Frequently asked questions¶
- Why is majiq builder returning 0 or a very small number of LSVs?
The reason for a very small number of LSVs can be different. The most common one is that annotation DB and the bam files does not match. The bam files can be mapped with a different DB version or the bam files has different names or variation of the contig id.
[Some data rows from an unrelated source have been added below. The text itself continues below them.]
lemma example_nf_g21:
  defines "N \<equiv> 4 + pi\<^sup>2"
  shows "nf_g21 (example_rhs C) 1 1 (hopf_freq 1 1) = Complex
    ((123904/2205 * pi + 470528/735 * pi\<^sup>2 + 461056/2205 * pi ^ 3 - 5248/735 * pi ^ 4) / (N\<^sup>2 * C\<^sup>2))
    ((14869504/6615 * pi + 368128/2205 * pi\<^sup>2 + 1505536/6615 * pi ^ 3 - 123008/2205 * pi ^ 4) / (N\<^sup>2 * C\<^sup>2))"
proof -
  have N: "N > 0" unfolding N_def by (simp add: add_pos_nonneg)
  have cbil_w11: "cbil (example_rhs C) q (centre_w11 (example_rhs C) 1 1 (hopf_freq 1 1)) = Complex
      ((- 1024/21 * pi + 256/21 * pi ^ 3) / (N * C\<^sup>2))
      ((17408/147 * pi + 1024/21 * pi\<^sup>2 - 7936/147 * pi ^ 3) / (N * C\<^sup>2))"
    unfolding example_cbil example_centre_w11[folded N_def] example_eigvec
    using N C_pos
    by (simp add: complex_eq_iff field_simps power2_eq_square power3_eq_cube power4_eq_xxxx;
        simp add: N_def algebra_simps power2_eq_square power3_eq_cube power4_eq_xxxx)
  have cbil_w20: "cbil (example_rhs C) qb (centre_w20 (example_rhs C) 1 1 (hopf_freq 1 1)) = Complex
      ((353536/2205 * pi - 160000/1323 * pi\<^sup>2 + 34624/2205 * pi ^ 3) / (N * C\<^sup>2))
      ((- 752384/6615 * pi - 1024/21 * pi\<^sup>2 - 3904/735 * pi ^ 3) / (N * C\<^sup>2))"
    unfolding example_cbil example_centre_w20[folded N_def] example_eigvec
    using N C_pos
    by (simp add: complex_eq_iff field_simps power2_eq_square power3_eq_cube power4_eq_xxxx;
        simp add: N_def algebra_simps power2_eq_square power3_eq_cube power4_eq_xxxx)
  have inv: "z / Complex 1 (pi / 2) = z * Complex (4 / N) (- 2 * pi / N)" for z
    unfolding N_def inverse_Complex_1_pi_half[symmetric] by (rule divide_inverse)
  show ?thesis
    unfolding nf_g21_def Let_def cbil_w11 cbil_w20 example_cbil_eigvec example_charfun inv
    using N C_pos
    by (simp add: complex_eq_iff field_simps power2_eq_square power3_eq_cube power4_eq_xxxx;
        simp add: N_def algebra_simps power2_eq_square power3_eq_cube power4_eq_xxxx)
qed

lemma example_Re_first_lyap_pos: "Re (first_lyap (example_rhs C) 1 1 (hopf_freq 1 1)) > 0"
proof -
  define N where "N = 4 + pi\<^sup>2"
  have N: "N > 0" unfolding N_def by (simp add: add_pos_nonneg)
  have "Re (first_lyap (example_rhs C) 1 1 (hopf_freq 1 1)) = (123008/2205 * pi - 2624/735 * pi\<^sup>2) / (N * C\<^sup>2)"
    unfolding Re_first_lyap example_normal_form_coeffs[folded N_def] example_nf_g21[folded N_def]
    unfolding hopf_freq_1_1
    using N C_pos
    by (simp add: field_simps power2_eq_square power3_eq_cube power4_eq_xxxx;
        simp add: N_def algebra_simps power2_eq_square power3_eq_cube power4_eq_xxxx)
  moreover have "2624/735 * pi < 123008/2205"
    using pi_less_4 by simp
  then have "0 < 123008/2205 * pi - 2624/735 * pi\<^sup>2"
    using pi_gt_zero by (simp add: power2_eq_square algebra_simps)
  ultimately show ?thesis
    using N C_pos by simp
qed

end

lemma mu2_q_one_sixth_neg:
  assumes "C > 0" "a > 0"
  shows "mu2_q C a (1/6) 1 1 < 0"
proof -
  interpret rcp_example C
    using assms(1) by unfold_locales
  let ?kc = "kappa_crit (atilde_q C a (1/6) 1 1) 1 1"
  have kc: "?kc = 2 * pi / (7 * a)"
    using assms by (simp add: kappa_crit_eq atilde_q_def Rstar_one_sixth hopf_phase_1_1 field_simps)
  then have kc_nz: "?kc \<noteq> 0"
    using assms by simp
  have K: "?kc * (a / C) = 2 * pi / (7 * C)"
    using assms kc by simp
  have family: "rcpq_dev C a (1/6) 1 1 = (\<lambda>k. feedback_rhs (k * (a / C)) (3 * C / 8) C (C / 12) C (3 * C / 4))"
    unfolding rcpq_dev_eq_feedback_rhs Rstar_one_sixth by simp
  have "mu2_q C a (1/6) 1 1 = - ?kc * Re (first_lyap (example_rhs C) 1 1 (hopf_freq 1 1))
      / Re ((\<Sum>j<3. of_real (linc (example_rhs C) j) * crit_eigvec 1 1 (hopf_freq 1 1) j)
            / charfun_deriv (example_rhs C) 1 1 (\<i> * of_real (hopf_freq 1 1)))"
    unfolding mu2_q_def family K example_rhs_def
      mu2_linear_family[OF linc_feedback_rhs_scaled[OF example_pole_nonzero] kc_nz] ..
  then show ?thesis
    using example_Re_first_lyap_pos hopf_transversal kc assms by (simp add: divide_pos_pos)
qed

theorem mainTheorem8:
  shows "(\<forall>C a a' b tau1 tau2::real. C > 0 \<and> a > 0 \<and> a' > 0 \<and> b > 0 \<and> tau1 > 0 \<and> tau2 > 0 \<longrightarrow>
            sgn (mu2_q C a b tau1 tau2) = sgn (mu2_q C a' b tau1 tau2))
       \<and> (\<forall>C a::real. C > 0 \<and> a > 0 \<longrightarrow>
            (\<exists>b tau1 tau2::real. b > 0 \<and> tau1 > 0 \<and> tau2 > 0 \<and> mu2_q C a b tau1 tau2 < 0))
       \<and> (\<forall>C \<gamma> a tau1 tau2::real. C > 0 \<and> 0 < \<gamma> \<and> \<gamma> \<le> 1 \<and> a > 0 \<and> tau1 > 0 \<and> tau2 > 0 \<longrightarrow>
            mu2_nq C \<gamma> a tau1 tau2 > 0)"
proof (intro conjI allI impI)
  fix C a a' b tau1 tau2 :: real
  assume "C > 0 \<and> a > 0 \<and> a' > 0 \<and> b > 0 \<and> tau1 > 0 \<and> tau2 > 0"
  then show "sgn (mu2_q C a b tau1 tau2) = sgn (mu2_q C a' b tau1 tau2)"
    using sgn_mu2_q_independent_of_gain by blast
next
  fix C a :: real
  assume "C > 0 \<and> a > 0"
  then have "mu2_q C a (1/6) 1 1 < 0"
    using mu2_q_one_sixth_neg by blast
  then show "\<exists>b tau1 tau2::real. b > 0 \<and> tau1 > 0 \<and> tau2 > 0 \<and> mu2_q C a b tau1 tau2 < 0"
    by (intro exI[of _ "1/6"] exI[of _ 1]) simp
next
  fix C \<gamma> a tau1 tau2 :: real
  assume "C > 0 \<and> 0 < \<gamma> \<and> \<gamma> \<le> 1 \<and> a > 0 \<and> tau1 > 0 \<and> tau2 > 0"
  then show "mu2_nq C \<gamma> a tau1 tau2 > 0"
    using mu2_nq_pos by blast
qed

end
The most common in mammals is that your DB identifies the chromosomes as 1,2,3,4… but the bam identifies them as chr1, chr2, chr3… The way to know if this is your case you can run samtools using the following command, samtools view bamfile | grep -n 200 and see the contig/chromosome ids in the 3rd column. Those names should match with the ones in the annotation DB in the gff3 file.
- When running deltapsi/psi/het, why do I get an error like “LSV type does not match”
MAJIQ analizes the bam files finding de novo junctions and retain introns. That makes dificult its quantification if not all the lsvs are defined in the same way. For that reason we need to build together all the samples that we want to compare, so they start with a common lsv definitions
- Does MAJIQ accept different sets of RNA-Seq with different read lengths of strandness types?
Yes, for the read length you only need to specify in the settings file, the longest readlength in the set of samples. For the strandness type check the majiq quick guide to check how to do it.
- What is a half-exon?
MAJIQ detects de novo junctions that can create new exons. Sometimes the boundaries of those exons are not clear ( not present, to far away, or not well covered…), in those coses we define the exon as half-exon. The missing coordinate is specified as na
- In VOILA, some of the LSV type thumbnails don’t have a numver, only “unk”. What does this mean?
“unk” stands for unknown. That reflects an lsv where its reference exon is a half-exon.
- What difference is there in running PSI on individual samples vs. as a group of replicates for a given condition/cell type?
MAJIQ PSI and deltapsi can work with one or more replicas per group. The number of replicas makes an effect in the quantification in two main aspects. First the quantification filters out any LSV that does not pass the filter in set of experiments ( The number of experiments is defined by min_emperiments argument, or 50% of the experiments by default). The second aspect where the replicas makes an effect is on the confidence. When MAJIQ quantifies replicas it aggregates the evidence of the replicas in order to improve the confidence on the quantification.